There is another famous city at the other end of the Bible: Babel. In it human hubris reaches for the heights. Its skyscraping was not for maximising office space, but for forging a link between earth and the heavens from the human side upwards. Ever since, urban development has been an ambivalent achievement: drawing people together, increasing possibilities, maximising human creative and productive potential; yet also dislocating communities, atomising individuals, disintegrating ecosystems. The cities of the world are at once humanity's greatest achievements and our most painful failures.

John's vision of the end is all about grace. It is achieved not by human effort but is a gift from the riches of divine love. It does not come with the achievements of the powerful, nor will it be hindered by the failures of the weak. It is an environment for humans, and for a large and complex human society. For it is the fulfilment of the central thread and hope of the biblical narrative: the divine promise 'I will be with you.' The city is a picture of the final result of God's action: not that we depart to live with him, but that he comes to dwell with us, in our kind of space, though one that he himself has supplied.

This is the start of the end of grace. There is more to come...
Ten points for picking the location from which this pic was taken.
Series: I; II; III; IV.

Thursday, August 10, 2006

Grace in the end

Eschatology is founded upon and directed towards God's grace revealed and promised in Jesus Christ by the Spirit.

This has been my basic assumption and message in the blog thus far (particularly those key posts marked with an asterix down on the right). After receiving some helpful critical feedback about my tone, direction and focus, I would like to commit afresh to posts that:

Focus on an eschatology of grace
While not exclusively eschatological, or even exclusively theological, I'd like this to be the integrating theme.

Are exegetically engaged and engaging
As Barth's final advice to his students so memorably put it, exegesis is the heartbeat of theology. While not every claim needs to have all its working shown, I apologise if I've succumbed too often to the temptation of unexplained theological shorthands. I read a good analogy last night: slogans and shorthands are briefcases into which a whole theological narrative can be packed for convenient travel. But the point is to unpack it when you arrive, rather than engage in a squabble where each sides hits the other over the head with a briefcase.

Contain exegesis of my assmptions as well as Scripture
Similarly, I apologise if I haven't always been as transparent about my own working assumptions as I could have been. We can never escape having them, and must always struggle to articulate and remain conscious of them. Revisable and provisional, they remain an enabling condition of all communication and living.

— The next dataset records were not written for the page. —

(* Let $(R,\mathfrak{m})$ be a Noetherian local ring, $M$ a finitely generated $R$-module, and $S \subseteq M$ a subset. Let $I(S,M) := \{y \in \langle S \rangle \mid f(y) \in \mathfrak{m} \text{ for all } f \in \mathrm{Hom}_R(M,R)\}$, an $R$-submodule of $\langle S \rangle$. Then $\delta_\mathfrak{m}(S,M) = \lambda_R(\langle S \rangle / I(S,M))$, where $\lambda_R$ denotes length.
   Context: $\langle S\rangle$ denotes the $R$-submodule of $M$ generated by $S$. $\delta_\mathfrak{m}(S,M)$ is the largest integer $n \ge 0$ such that there is a free $R$-submodule $G \subseteq \langle S\rangle$ of rank $n$ which is a direct summand of $M$. *)

theory Defs
  imports Main "HOL-Library.Extended_Nat"
begin

text \<open>Modules over a commutative ring R (a type of class comm_ring_1) are modelled by
  the library locale module with scalar multiplication sc; the module M is the
  whole type 'm.\<close>

definition ideal_of :: "'a::comm_ring_1 set \<Rightarrow> bool" where
  "ideal_of J \<longleftrightarrow> module.subspace ((*) :: 'a \<Rightarrow> 'a \<Rightarrow> 'a) J"

definition maximal_ideal :: "'a::comm_ring_1 set \<Rightarrow> bool" where
  "maximal_ideal J \<longleftrightarrow> ideal_of J \<and> J \<noteq> UNIV \<and>
     (\<forall>K. ideal_of K \<longrightarrow> J \<subseteq> K \<longrightarrow> K = J \<or> K = UNIV)"

definition noetherian_ring :: "'a::comm_ring_1 itself \<Rightarrow> bool" where
  "noetherian_ring _ \<longleftrightarrow>
     (\<forall>J::'a set. ideal_of J \<longrightarrow> (\<exists>F. finite F \<and> J = module.span (*) F))"

definition local_ring_max :: "'a::comm_ring_1 set \<Rightarrow> bool" where
  "local_ring_max mm \<longleftrightarrow> maximal_ideal mm \<and> (\<forall>J. maximal_ideal J \<longrightarrow> J = mm)"

definition fin_gen_module :: "('a::comm_ring_1 \<Rightarrow> 'm::ab_group_add \<Rightarrow> 'm) \<Rightarrow> bool" where
  "fin_gen_module sc \<longleftrightarrow> (\<exists>F. finite F \<and> module.span sc F = UNIV)"

definition dual_maps :: "('a::comm_ring_1 \<Rightarrow> 'm::ab_group_add \<Rightarrow> 'm) \<Rightarrow> ('m \<Rightarrow> 'a) set" where
  "dual_maps sc = {f. module_hom sc (*) f}"

definition I_SM :: "('a::comm_ring_1 \<Rightarrow> 'm::ab_group_add \<Rightarrow> 'm) \<Rightarrow> 'a set \<Rightarrow> 'm set \<Rightarrow> 'm set" where
  "I_SM sc mm S = {y \<in> module.span sc S. \<forall>f \<in> dual_maps sc. f y \<in> mm}"

definition free_of_rank :: "('a::comm_ring_1 \<Rightarrow> 'm::ab_group_add \<Rightarrow> 'm) \<Rightarrow> 'm set \<Rightarrow> nat \<Rightarrow> bool" where
  "free_of_rank sc G n \<longleftrightarrow> (\<exists>B. finite B \<and> card B = n \<and> \<not> module.dependent sc B \<and>
      module.span sc B = G)"

definition direct_summand :: "('a::comm_ring_1 \<Rightarrow> 'm::ab_group_add \<Rightarrow> 'm) \<Rightarrow> 'm set \<Rightarrow> bool" where
  "direct_summand sc G \<longleftrightarrow> module.subspace sc G \<and>
     (\<exists>N. module.subspace sc N \<and> G \<inter> N = {0} \<and> {g + x | g x. g \<in> G \<and> x \<in> N} = UNIV)"

definition delta_m :: "('a::comm_ring_1 \<Rightarrow> 'm::ab_group_add \<Rightarrow> 'm) \<Rightarrow> 'm set \<Rightarrow> nat" where
  "delta_m sc S = (GREATEST n. \<exists>G. G \<subseteq> module.span sc S \<and> free_of_rank sc G n \<and> direct_summand sc G)"
lemma to_one_Cmp [simp]:
  "\<lbrakk>V \<in> Obj C; X \<in> Obj C; a \<in> Hom C V X\<rbrakk> \<Longrightarrow> Cmp C V X (one D) (to_one C D X) a = to_one C D V"
  using ex1_to_one[of V] by (metis Cmp_hom one_obj to_one_hom)

lemma ex1_pair:
  "\<lbrakk>A \<in> Obj C; B \<in> Obj C; X \<in> Obj C; f \<in> Hom C X A; g \<in> Hom C X B\<rbrakk> \<Longrightarrow>
   \<exists>!h. h \<in> Hom C X (prd D A B) \<and>
     Cmp C X (prd D A B) A (pr1 D A B) h = f \<and> Cmp C X (prd D A B) B (pr2 D A B) h = g"
  using cartesian_closed unfolding cartesian_closed_def
  by (elim conjE) (drule bspec, assumption, drule bspec, assumption, blast)

lemma pair:
  assumes "A \<in> Obj C" "B \<in> Obj C" "X \<in> Obj C" "f \<in> Hom C X A" "g \<in> Hom C X B"
  shows pair_hom [simp]: "pair C D A B X f g \<in> Hom C X (prd D A B)"
    and pr1_pair [simp]: "Cmp C X (prd D A B) A (pr1 D A B) (pair C D A B X f g) = f"
    and pr2_pair [simp]: "Cmp C X (prd D A B) B (pr2 D A B) (pair C D A B X f g) = g"
  using theI'[OF ex1_pair[OF assms]] unfolding pair_def by blast+

lemma pair_eta [simp]:
  "\<lbrakk>A \<in> Obj C; B \<in> Obj C; X \<in> Obj C; h \<in> Hom C X (prd D A B)\<rbrakk> \<Longrightarrow>
   pair C D A B X (Cmp C X (prd D A B) A (pr1 D A B) h) (Cmp C X (prd D A B) B (pr2 D A B) h) = h"
  unfolding pair_def by (rule the1_equality[OF ex1_pair]) auto

lemma pair_pr1_pr2 [simp]:
  "\<lbrakk>A \<in> Obj C; B \<in> Obj C\<rbrakk> \<Longrightarrow> pair C D A B (prd D A B) (pr1 D A B) (pr2 D A B) = Idt C (prd D A B)"
  using pair_eta[of A B "prd D A B" "Idt C (prd D A B)"] by simp

lemma pair_Cmp [simp]:
  assumes "A \<in> Obj C" "B \<in> Obj C" "X \<in> Obj C" "V \<in> Obj C"
    and "f \<in> Hom C X A" "g \<in> Hom C X B" "a \<in> Hom C V X"
  shows "Cmp C V X (prd D A B) (pair C D A B X f g) a =
    pair C D A B V (Cmp C V X A f a) (Cmp C V X B g a)"
  using pair_eta[of A B V "Cmp C V X (prd D A B) (pair C D A B X f g) a"] assms
  by (simp flip: Cmp_assoc)

declare prodmap_def [simp]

Include more links between posts
Since reading a blog is the reverse of reading a book (thanks Adrian), it is possible to have a reading experience in which one arrives at conclusions without consciousness of the arguments on which they are founded. If you are new to reading blogs, be gracious, extending charitable assumptions towards the blogger that somewhere, somehow this crazy point might already be explained (or shown to be satirical!). And I'll try to do my part.

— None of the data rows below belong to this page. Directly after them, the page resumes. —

lemma caustic_polygon_centrally_symmetric:
  assumes inner: "0 < A" "A < a" "0 < B" "B < b" and "even N"
    and chord: "\<And>i. caustic_chord a b A B (P (i mod N)) (P (Suc i mod N))"
    and lift: "\<And>i. ell_point a b (\<tau> i) = P (i mod N)"
    and mono: "\<And>i. \<tau> i < \<tau> (Suc i)" and step: "\<And>i. \<tau> (Suc i) < \<tau> i + pi"
    and period: "\<And>i. \<tau> (i + N) = \<tau> i + 2 * pi"
  obtains k where "\<And>i. P ((i + k) mod N) = - P (i mod N)"
proof -
  have ab: "a > 0" "b > 0"
    using inner by auto
  define V where "V s s' \<longleftrightarrow> caustic_chord a b A B (ell_point a b s) (ell_point a b s')" for s s'
  have "\<exists>k. \<tau> k = \<tau> 0 + pi"
  proof (rule lift_half_turn_vertex[of \<tau> N V, OF mono step period \<open>even N\<close>])
    fix s s' u u'
    assume order: "s \<le> u" "u < u'" "u' \<le> s'" "s' < s + 2 * pi" and "V s s'" "V u u'"
    then have "ell_point a b u = ell_point a b s"
      using caustic_chords_not_nested[OF inner, of "ell_point a b s" "ell_point a b s'"]
        cross_ell_point_nonpos[OF ab, of s u s'] cross_ell_point_nonpos[OF ab, of s u' s']
      unfolding V_def by simp
    then show "u = s"
      using ell_point_inj[of a b s u] ab order by simp
  next
    show "V (\<tau> i) (\<tau> (Suc i))" for i
      using chord[of i] by (simp add: V_def lift)
    show "V (\<tau> i + pi) (\<tau> (Suc i) + pi)" for i
      using caustic_chord_neg[OF chord[of i]] by (simp add: V_def lift ell_point_add_pi)
  qed
  then obtain k where k: "\<tau> k = \<tau> 0 + pi"
    by blast
  have "P ((i + k) mod N) = - P (i mod N)" for i
  proof (induction i)
    case 0
    show ?case
      using lift[of k] lift[of 0] k by (simp add: ell_point_add_pi)
  next
    case (Suc i)
    have "caustic_chord a b A B (P ((i + k) mod N)) (- P (Suc i mod N))"
      using caustic_chord_neg[OF chord[of i]] Suc.IH by simp
    then show ?case
      using caustic_chord_unique_end[OF inner chord[of "i + k"]] by simp
  qed
  then show ?thesis
    using that by blast
qed
(* Let $\alpha$ be a regular cardinal, let $e_X:P\to X$ be an $\alpha$-supported meet-extension, let $Q$ be a poset and $f:P\to Q$ an order-preserving map. Define a partial map $f_X:X\to Q$ by $f_X(x)=\bigwedge f[e_X^{-1}(x^\uparrow)]$ when this meet exists in $Q$, and undefined otherwise; let $\mathrm{dom}(f_X)$ be its domain, with the order inherited from $X$. Then: (1) $f_X$ is order-preserving, $e_X[P]\subseteq\mathrm{dom}(f_X)$, and $f_X\circ e_X=f$. (2) Suppose $f$ is $(\alpha,e_X)$-continuous. Then: (a) if $Z\subseteq\mathrm{dom}(f_X)$ with $|Z|<\alpha$, $\bigwedge Z$ exists in $X$, and $Z$ has a greatest lower bound $b$ in $\mathrm{dom}(f_X)$, then $b=\bigwedge Z$; (b) $f_X$ is $\alpha$-meet-preserving on $\mathrm{dom}(f_X)$, i.e. whenever $Z\subseteq\mathrm{dom}(f_X)$ with $|Z|<\alpha$ has a greatest lower bound $b$ in $\mathrm{dom}(f_X)$, then $f_X(b)=\bigwedge f_X[Z]$ in $Q$; (c) if $g:X\to Q$ is a partial map whose domain contains $e_X[P]$, which is $\alpha$-meet-preserving on its domain (i.e. whenever $Z\subseteq\mathrm{dom}(g)$, $|Z|<\alpha$, has a greatest lower bound $b$ in $\mathrm{dom}(g)$, then $g(b)=\bigwedge g[Z]$), and which satisfies $g\circ e_X=f$, then $g(x)=f_X(x)$ for all $x\in\mathrm{dom}(f_X)\cap\mathrm{dom}(g)$.
   Context: For $q$ in a poset, $q^\uparrow=\{q'\ge q\}$; for $S\subseteq P$, $S^\uparrow=\{p:p\ge s\text{ for some }s\in S\}$; $e^{-1}(Z)=\{p:e(p)\in Z\}$. A meet-extension is an order-embedding $e:P\to X$ with $x=\bigwedge e[e^{-1}(x^\uparrow)]$ for all $x\in X$. It is $\alpha$-supported if for every $x\in X$ there is $S\subseteq P$ with $|S|<\alpha$ and $x=\bigwedge e_X[S]$. An order-preserving $f:P\to Q$ is $(\alpha,e_X)$-continuous if for all $q\in Q$ and all $S\subseteq f^{-1}(q^\uparrow)$ with $|S|<\alpha$ there are $q_S\in Q$, $x_S\in X$ with $\bigwedge f[S]=q_S=\bigwedge f[e_X^{-1}(x_S^\uparrow)]$ and $S^\uparrow\subseteq e_X^{-1}(x_S^\uparrow)$. *)

theory Defs
  imports Main
begin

Are constructive as well as critical
It's easy to take pot shots from the sidelines, harder to suggest an alternative. Again, apologies if you feel I've been indulgent in this respect. Time to stick my neck out a little more; feel free to have a swing (esp if you'll then take your turn on the block!).

• Occasionally involve kite-flying, satire and links
Not every link is an endorsement; some are there for illustration or opposition rather than support. Not every post is to be taken as a monological declaration of truth. While I'm writing on the 'final' things, this blog is certainly not a final word. Come and join the conversation. I won't bite (unless requested).

Often have pictures
They seem to be popular. And hey, they're often the best thing about my posts. Ten points for the location above.

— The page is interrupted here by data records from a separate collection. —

lemma GT_ge:
  assumes T: "T > 0" "2 * T \<le> mu" and mu: "0 < mu" "mu \<le> xm"
  shows "mu * tanh 1 * ln (mu / (2 * T)) \<le> GT xm mu T"
proof -
  define f where "f \<xi> = max mu \<xi> * tanh_kernel T \<xi>" for \<xi>
  define c where "c = mu * tanh 1"
  have cont: "continuous_on {a..b} f" for a b unfolding f_def using T by (intro continuous_intros) auto
  have "((\<lambda>\<xi>. c * (1 / \<xi>)) has_integral c * ln mu - c * ln (2 * T)) {2 * T..mu}"
  proof (rule fundamental_theorem_of_calculus[OF T(2)])
    fix \<xi> assume "\<xi> \<in> {2 * T..mu}"
    then have "\<xi> > 0" using T by auto
    then show "((\<lambda>\<xi>. c * ln \<xi>) has_vector_derivative c * (1 / \<xi>)) (at \<xi> within {2 * T..mu})"
      by (auto intro!: derivative_eq_intros simp: has_real_derivative_iff_has_vector_derivative[symmetric])
  qed
  then have "c * ln mu - c * ln (2 * T) \<le> integral {2 * T..mu} f"
  proof (intro has_integral_le[OF _ integrable_integral])
    show "f integrable_on {2 * T..mu}" using cont by (rule integrable_continuous_interval)
    fix \<xi> assume \<xi>: "\<xi> \<in> {2 * T..mu}"
    then have "\<xi> > 0" "1 \<le> \<xi> / (2 * T)" using T by auto
    then have "tanh 1 / \<xi> \<le> tanh (\<xi> / (2 * T)) / \<xi>" by (intro divide_right_mono) auto
    then have "mu * (tanh 1 / \<xi>) \<le> mu * (tanh (\<xi> / (2 * T)) / \<xi>)"
      using mu by (intro mult_left_mono) auto
    moreover have "max mu \<xi> = mu" using \<xi> by simp
    ultimately show "c * (1 / \<xi>) \<le> f \<xi>"
      using \<open>\<xi> > 0\<close> by (simp add: f_def c_def tanh_kernel_eq)
  qed
  also have "\<dots> \<le> integral {0..xm} f"
    using T mu cont tanh_kernel_pos[OF T(1)]
    by (intro integral_subset_le) (auto simp: f_def intro!: integrable_continuous_interval less_imp_le)
  finally show ?thesis
    using T mu by (simp add: GT_eq_integral f_def[abs_def] c_def ln_div algebra_simps)
qed

lemma GT_root_exists:
  assumes K: "K > 0" and mu: "0 < mu" "mu \<le> xm"
  shows "\<exists>L>0. GT xm mu L = K"
proof -
  interpret gap_rhs "GT xm mu" "GT_deriv xm mu" by (rule gap_rhs_GT[OF mu])
  define a where "a = mu / 2 * exp (- K / (mu * tanh 1))"
  have a: "a > 0" "2 * a \<le> mu" using K mu by (auto simp: a_def)
  have "K \<le> GT xm mu a"
    using GT_ge[OF a mu] mu by (simp add: a_def ln_div)
  moreover have "GT xm mu (xm\<^sup>2 / (2 * K)) \<le> K"
    using GT_le[of "xm\<^sup>2 / (2 * K)" mu xm] K mu by simp
  ultimately show ?thesis using K mu a by (intro root_exists) auto
qed

lemma Tc_root:
  assumes "xm > 0" "lam > 0" and mu: "0 < mu" "mu \<le> xm"
  shows "Tc xm lam mu > 0" and "GT xm mu (Tc xm lam mu) = xm / lam"
proof -
  interpret gap_rhs "GT xm mu" "GT_deriv xm mu" by (rule gap_rhs_GT[OF mu])
  obtain L where L: "L > 0" "GT xm mu L = xm / lam"
    using GT_root_exists[of "xm / lam"] assms by auto
  have "Tc xm lam mu = L"
    unfolding Tc_def by (rule the_equality) (use L pos_eq_imp_eq in auto)
  then show "Tc xm lam mu > 0" "GT xm mu (Tc xm lam mu) = xm / lam" using L by auto
qed

lemma less_GT_iff_less_Tc:
  assumes "xm > 0" "lam > 0" and mu: "0 < mu" "mu \<le> xm" and T: "T > 0"
  shows "xm / lam < GT xm mu T \<longleftrightarrow> T < Tc xm lam mu"
proof -
  interpret gap_rhs "GT xm mu" "GT_deriv xm mu" by (rule gap_rhs_GT[OF mu])
  show ?thesis
    using Tc_root[OF assms(1-4)] strict_antimono[OF T, of "Tc xm lam mu"] strict_antimono[of "Tc xm lam mu" T]
    by (cases T "Tc xm lam mu" rule: linorder_cases) auto
qed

Are gracious in tone and manner, as well as content
I like those bumper stickers that say 'My driving is on display; please call XYZ if you would like to comment.' Consider yourselves invited to comment not only on what I post, but how I post it.

One of the things I like most about John Piper is the title of one of his books: The Purifying Power of Living by Faith in Future Grace. The future of grace: that's where we'll be headed for the next little while. Feel free to join me.
Ten points for naming the city in the pic above.

Tuesday, August 08, 2006

News from around the globe/corner

Some links and personal updates
NT scholar and blogger Ben Witherington has seen a movie and written a review that does (at much greater length) what I've been hinting at over the last few weeks: draw links between eschatology and attitudes to the environment.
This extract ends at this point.